Study material below:

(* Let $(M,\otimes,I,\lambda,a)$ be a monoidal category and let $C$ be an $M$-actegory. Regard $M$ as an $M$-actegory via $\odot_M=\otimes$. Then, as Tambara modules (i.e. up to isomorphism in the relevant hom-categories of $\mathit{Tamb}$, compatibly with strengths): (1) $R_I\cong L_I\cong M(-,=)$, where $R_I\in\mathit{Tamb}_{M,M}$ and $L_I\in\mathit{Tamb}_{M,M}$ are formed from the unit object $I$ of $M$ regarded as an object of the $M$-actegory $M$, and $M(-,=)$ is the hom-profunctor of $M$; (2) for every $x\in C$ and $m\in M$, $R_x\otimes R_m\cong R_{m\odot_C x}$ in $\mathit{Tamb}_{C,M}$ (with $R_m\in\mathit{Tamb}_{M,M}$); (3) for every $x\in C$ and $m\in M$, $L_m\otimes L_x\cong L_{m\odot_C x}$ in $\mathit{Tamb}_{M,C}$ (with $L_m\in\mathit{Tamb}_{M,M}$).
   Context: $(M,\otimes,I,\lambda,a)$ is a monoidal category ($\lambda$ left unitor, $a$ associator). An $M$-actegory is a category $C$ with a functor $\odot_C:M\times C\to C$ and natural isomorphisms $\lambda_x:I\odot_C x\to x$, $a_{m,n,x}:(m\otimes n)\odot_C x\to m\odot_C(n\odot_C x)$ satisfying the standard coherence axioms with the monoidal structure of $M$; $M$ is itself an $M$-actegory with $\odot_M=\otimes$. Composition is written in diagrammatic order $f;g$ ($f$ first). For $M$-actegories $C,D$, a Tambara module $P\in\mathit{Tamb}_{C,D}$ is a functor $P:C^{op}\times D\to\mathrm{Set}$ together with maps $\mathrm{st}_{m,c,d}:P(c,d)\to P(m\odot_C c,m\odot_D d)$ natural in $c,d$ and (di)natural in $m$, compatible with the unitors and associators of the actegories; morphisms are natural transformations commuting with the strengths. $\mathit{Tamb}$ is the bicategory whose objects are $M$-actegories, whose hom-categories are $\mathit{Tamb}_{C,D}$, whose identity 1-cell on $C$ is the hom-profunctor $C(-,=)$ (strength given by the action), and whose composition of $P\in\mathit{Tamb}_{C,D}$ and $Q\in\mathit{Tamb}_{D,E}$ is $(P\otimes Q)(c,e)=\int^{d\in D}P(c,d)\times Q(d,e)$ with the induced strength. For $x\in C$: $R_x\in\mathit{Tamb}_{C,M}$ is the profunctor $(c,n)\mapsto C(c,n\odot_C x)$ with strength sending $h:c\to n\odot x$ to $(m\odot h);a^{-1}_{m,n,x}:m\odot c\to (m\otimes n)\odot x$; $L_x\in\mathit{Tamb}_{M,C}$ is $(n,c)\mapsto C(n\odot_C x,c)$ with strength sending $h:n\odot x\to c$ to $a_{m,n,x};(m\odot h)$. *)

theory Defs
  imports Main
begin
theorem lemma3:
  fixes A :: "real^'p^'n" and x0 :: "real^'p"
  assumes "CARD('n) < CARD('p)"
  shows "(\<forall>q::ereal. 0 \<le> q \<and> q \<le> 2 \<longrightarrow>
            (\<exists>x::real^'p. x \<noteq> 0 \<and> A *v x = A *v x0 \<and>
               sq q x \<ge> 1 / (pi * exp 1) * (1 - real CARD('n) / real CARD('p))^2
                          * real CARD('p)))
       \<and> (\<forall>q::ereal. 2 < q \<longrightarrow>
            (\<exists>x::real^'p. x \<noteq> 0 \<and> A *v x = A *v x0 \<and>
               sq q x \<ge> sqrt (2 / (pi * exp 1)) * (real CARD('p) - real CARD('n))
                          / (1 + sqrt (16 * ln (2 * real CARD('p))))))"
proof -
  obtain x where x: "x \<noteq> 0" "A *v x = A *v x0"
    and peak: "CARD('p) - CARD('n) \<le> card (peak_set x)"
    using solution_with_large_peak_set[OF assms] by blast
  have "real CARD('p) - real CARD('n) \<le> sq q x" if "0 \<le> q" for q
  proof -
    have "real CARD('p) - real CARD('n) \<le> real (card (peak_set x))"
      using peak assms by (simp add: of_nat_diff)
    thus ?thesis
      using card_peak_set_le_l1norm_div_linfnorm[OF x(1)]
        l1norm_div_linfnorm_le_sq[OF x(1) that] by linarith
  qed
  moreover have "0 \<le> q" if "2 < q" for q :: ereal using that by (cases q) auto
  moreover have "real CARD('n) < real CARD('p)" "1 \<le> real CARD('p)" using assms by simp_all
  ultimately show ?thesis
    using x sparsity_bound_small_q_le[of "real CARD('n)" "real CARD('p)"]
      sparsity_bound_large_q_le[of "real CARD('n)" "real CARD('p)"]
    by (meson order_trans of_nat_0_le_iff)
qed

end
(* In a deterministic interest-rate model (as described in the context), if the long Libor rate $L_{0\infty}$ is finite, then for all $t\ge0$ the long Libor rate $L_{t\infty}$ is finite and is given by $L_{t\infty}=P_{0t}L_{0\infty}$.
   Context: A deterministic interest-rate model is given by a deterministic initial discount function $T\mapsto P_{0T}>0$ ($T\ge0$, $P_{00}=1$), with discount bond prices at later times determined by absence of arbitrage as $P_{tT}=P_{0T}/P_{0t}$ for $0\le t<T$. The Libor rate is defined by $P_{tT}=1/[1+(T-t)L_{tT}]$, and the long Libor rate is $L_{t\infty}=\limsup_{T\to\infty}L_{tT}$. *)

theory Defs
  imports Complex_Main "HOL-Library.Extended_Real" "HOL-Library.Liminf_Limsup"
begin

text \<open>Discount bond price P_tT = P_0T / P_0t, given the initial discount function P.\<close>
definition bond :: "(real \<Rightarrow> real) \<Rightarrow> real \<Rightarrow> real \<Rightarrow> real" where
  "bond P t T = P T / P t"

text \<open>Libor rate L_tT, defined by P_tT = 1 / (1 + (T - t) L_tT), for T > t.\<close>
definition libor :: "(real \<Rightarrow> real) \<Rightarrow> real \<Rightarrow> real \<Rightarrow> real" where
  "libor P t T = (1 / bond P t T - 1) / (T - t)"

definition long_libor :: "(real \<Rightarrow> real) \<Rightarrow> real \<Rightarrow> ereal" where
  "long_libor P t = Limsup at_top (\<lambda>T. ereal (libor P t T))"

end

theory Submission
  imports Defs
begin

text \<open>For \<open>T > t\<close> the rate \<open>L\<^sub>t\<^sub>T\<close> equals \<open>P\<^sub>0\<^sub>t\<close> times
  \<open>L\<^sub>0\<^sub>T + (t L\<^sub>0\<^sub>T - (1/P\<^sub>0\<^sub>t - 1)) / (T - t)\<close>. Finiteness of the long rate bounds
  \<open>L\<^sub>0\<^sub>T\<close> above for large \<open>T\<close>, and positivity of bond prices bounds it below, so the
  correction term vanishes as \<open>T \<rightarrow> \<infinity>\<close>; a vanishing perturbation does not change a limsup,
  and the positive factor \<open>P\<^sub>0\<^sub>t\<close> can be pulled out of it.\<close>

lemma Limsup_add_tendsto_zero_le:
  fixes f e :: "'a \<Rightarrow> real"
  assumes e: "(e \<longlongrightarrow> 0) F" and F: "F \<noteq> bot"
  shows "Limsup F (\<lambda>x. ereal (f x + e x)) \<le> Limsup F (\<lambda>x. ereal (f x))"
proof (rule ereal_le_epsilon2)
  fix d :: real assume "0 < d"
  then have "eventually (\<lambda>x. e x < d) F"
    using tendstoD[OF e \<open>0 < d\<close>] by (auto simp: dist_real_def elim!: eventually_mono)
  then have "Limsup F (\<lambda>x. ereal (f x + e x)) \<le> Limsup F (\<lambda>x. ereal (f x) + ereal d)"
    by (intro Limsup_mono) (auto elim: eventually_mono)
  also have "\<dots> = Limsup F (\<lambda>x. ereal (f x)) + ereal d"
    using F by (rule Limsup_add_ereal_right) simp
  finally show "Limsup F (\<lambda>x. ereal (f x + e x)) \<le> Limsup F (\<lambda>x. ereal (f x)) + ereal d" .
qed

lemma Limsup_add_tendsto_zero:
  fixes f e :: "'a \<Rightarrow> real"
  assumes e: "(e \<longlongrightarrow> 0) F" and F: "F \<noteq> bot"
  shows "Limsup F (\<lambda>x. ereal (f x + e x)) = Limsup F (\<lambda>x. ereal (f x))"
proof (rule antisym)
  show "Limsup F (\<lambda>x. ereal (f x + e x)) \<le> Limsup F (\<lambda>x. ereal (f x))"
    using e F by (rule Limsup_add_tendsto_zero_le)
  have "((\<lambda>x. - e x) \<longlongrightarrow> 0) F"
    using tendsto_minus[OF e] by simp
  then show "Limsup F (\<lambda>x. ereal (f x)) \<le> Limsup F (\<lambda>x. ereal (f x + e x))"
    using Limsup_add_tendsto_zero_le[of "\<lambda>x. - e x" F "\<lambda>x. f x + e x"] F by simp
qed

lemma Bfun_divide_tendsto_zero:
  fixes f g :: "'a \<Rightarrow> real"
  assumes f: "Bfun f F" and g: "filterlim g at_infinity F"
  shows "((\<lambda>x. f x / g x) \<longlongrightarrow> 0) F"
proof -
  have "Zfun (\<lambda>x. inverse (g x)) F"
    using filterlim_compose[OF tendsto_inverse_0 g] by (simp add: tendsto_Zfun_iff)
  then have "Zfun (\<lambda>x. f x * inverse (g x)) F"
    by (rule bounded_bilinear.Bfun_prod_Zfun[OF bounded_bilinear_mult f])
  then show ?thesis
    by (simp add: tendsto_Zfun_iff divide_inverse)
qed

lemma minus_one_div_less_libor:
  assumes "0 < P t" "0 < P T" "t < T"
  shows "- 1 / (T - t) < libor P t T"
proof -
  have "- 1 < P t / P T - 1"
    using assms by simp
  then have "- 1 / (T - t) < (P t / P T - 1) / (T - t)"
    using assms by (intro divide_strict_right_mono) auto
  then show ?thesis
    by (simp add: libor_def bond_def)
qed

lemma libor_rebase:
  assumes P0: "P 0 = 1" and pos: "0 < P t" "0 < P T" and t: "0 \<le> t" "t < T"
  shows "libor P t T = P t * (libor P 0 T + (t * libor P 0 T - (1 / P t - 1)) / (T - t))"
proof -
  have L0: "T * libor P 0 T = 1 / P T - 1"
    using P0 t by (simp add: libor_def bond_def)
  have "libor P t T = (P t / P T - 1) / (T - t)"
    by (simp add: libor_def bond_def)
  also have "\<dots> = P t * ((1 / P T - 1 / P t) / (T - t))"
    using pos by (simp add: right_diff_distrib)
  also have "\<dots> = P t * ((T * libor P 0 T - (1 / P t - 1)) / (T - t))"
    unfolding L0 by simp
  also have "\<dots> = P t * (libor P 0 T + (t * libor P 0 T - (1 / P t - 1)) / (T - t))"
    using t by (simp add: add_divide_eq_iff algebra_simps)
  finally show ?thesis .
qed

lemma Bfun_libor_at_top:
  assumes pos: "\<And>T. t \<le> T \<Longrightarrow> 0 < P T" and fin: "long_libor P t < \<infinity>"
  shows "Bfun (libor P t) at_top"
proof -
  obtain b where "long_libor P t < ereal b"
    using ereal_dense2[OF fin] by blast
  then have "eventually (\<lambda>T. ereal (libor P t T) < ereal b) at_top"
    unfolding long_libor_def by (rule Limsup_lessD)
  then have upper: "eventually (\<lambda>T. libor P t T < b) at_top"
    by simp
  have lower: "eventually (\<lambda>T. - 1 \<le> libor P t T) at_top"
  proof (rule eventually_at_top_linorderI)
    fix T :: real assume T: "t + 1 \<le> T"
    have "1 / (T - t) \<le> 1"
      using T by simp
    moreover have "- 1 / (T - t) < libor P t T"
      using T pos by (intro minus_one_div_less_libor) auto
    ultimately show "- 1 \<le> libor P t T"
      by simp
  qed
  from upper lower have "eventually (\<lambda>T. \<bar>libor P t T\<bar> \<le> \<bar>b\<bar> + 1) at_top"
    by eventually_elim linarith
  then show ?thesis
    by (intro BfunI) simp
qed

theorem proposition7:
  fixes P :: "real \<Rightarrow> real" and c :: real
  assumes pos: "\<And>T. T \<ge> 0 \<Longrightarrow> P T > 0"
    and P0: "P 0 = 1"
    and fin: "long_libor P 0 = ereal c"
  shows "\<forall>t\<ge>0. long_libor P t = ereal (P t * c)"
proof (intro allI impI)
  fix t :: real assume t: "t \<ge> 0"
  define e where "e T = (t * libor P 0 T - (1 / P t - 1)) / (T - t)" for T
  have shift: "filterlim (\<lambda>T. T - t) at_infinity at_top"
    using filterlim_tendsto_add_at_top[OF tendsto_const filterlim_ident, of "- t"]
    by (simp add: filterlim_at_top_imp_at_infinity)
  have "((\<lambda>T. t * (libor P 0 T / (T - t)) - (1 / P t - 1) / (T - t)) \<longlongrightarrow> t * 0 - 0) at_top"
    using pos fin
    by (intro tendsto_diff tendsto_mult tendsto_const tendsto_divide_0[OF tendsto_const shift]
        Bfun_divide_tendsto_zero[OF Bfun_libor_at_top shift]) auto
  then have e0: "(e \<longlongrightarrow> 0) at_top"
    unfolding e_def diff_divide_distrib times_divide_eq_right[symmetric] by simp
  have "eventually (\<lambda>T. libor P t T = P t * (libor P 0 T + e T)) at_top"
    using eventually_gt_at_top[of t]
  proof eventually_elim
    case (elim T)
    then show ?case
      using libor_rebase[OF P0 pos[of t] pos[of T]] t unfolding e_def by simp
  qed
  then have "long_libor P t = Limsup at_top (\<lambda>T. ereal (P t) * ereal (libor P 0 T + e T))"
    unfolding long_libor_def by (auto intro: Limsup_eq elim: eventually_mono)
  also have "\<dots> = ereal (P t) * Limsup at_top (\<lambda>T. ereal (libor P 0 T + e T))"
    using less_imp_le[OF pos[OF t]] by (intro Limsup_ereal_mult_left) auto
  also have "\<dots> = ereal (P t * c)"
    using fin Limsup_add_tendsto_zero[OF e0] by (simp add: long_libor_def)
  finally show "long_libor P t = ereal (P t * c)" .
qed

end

End of Study material.

- Task -
If a line in the material above contains "definition", show that line.

- Task response -
definition bond :: "(real \<Rightarrow> real) \<Rightarrow> real \<Rightarrow> real \<Rightarrow> real" where
definition libor :: "(real \<Rightarrow> real) \<Rightarrow> real \<Rightarrow> real \<Rightarrow> real" where
definition long_libor :: "(real \<Rightarrow> real) \<Rightarrow> real \<Rightarrow> ereal" where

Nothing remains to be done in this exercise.